> TASK OBJECTIVE
Return the whole of the data exactly.

> AVAILABLE RECORDS
──────────────────────────────

theorem theorem1:
  fixes lam theta r alpha rho eps :: real
    and W :: "(real^2) set" and Jset :: "nat set" and y :: "nat \<Rightarrow> real^2"
  assumes "lam > 0" and "theta > 0" and "r > 0" and "rho > 0" and "alpha > 2"
    and "W \<in> sets lborel" and "eps > 0" and "ball 0 eps \<subseteq> W"
    and "finite Jset" and "\<forall>j\<in>Jset. y j \<in> W \<and> y j \<noteq> 0"
  shows "(aoi_cond lam theta r alpha W Jset y > 1 \<longrightarrow>
            {eta. optimal_rate (aoi_J lam theta r alpha rho W Jset y) eta}
            = {eta \<in> {0<..1}. aoi_F lam theta r alpha W Jset y eta = 0})
       \<and> (\<not> aoi_cond lam theta r alpha W Jset y > 1 \<longrightarrow>
            {eta. optimal_rate (aoi_J lam theta r alpha rho W Jset y) eta} = {1})"
proof -
  interpret aoi_network theta r alpha eps W lam rho Jset y
    using assms by unfold_locales auto
  show ?thesis
    using optimal_rate_threshold[OF J_pos ln_J_supporting_line F_one F_lower_bound continuous_on_F]
    by blast
qed

end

──────────────────────────────

> EXERCISE ANSWER
theorem theorem1:
  fixes lam theta r alpha rho eps :: real
    and W :: "(real^2) set" and Jset :: "nat set" and y :: "nat \<Rightarrow> real^2"
  assumes "lam > 0" and "theta > 0" and "r > 0" and "rho > 0" and "alpha > 2"
    and "W \<in> sets lborel" and "eps > 0" and "ball 0 eps \<subseteq> W"
    and "finite Jset" and "\<forall>j\<in>Jset. y j \<in> W \<and> y j \<noteq> 0"
  shows "(aoi_cond lam theta r alpha W Jset y > 1 \<longrightarrow>
            {eta. optimal_rate (aoi_J lam theta r alpha rho W Jset y) eta}
            = {eta \<in> {0<..1}. aoi_F lam theta r alpha W Jset y eta = 0})
       \<and> (\<not> aoi_cond lam theta r alpha W Jset y > 1 \<longrightarrow>
            {eta. optimal_rate (aoi_J lam theta r alpha rho W Jset y) eta} = {1})"
proof -
  interpret aoi_network theta r alpha eps W lam rho Jset y
    using assms by unfold_locales auto
  show ?thesis
    using optimal_rate_threshold[OF J_pos ln_J_supporting_line F_one F_lower_bound continuous_on_F]
    by blast
qed

end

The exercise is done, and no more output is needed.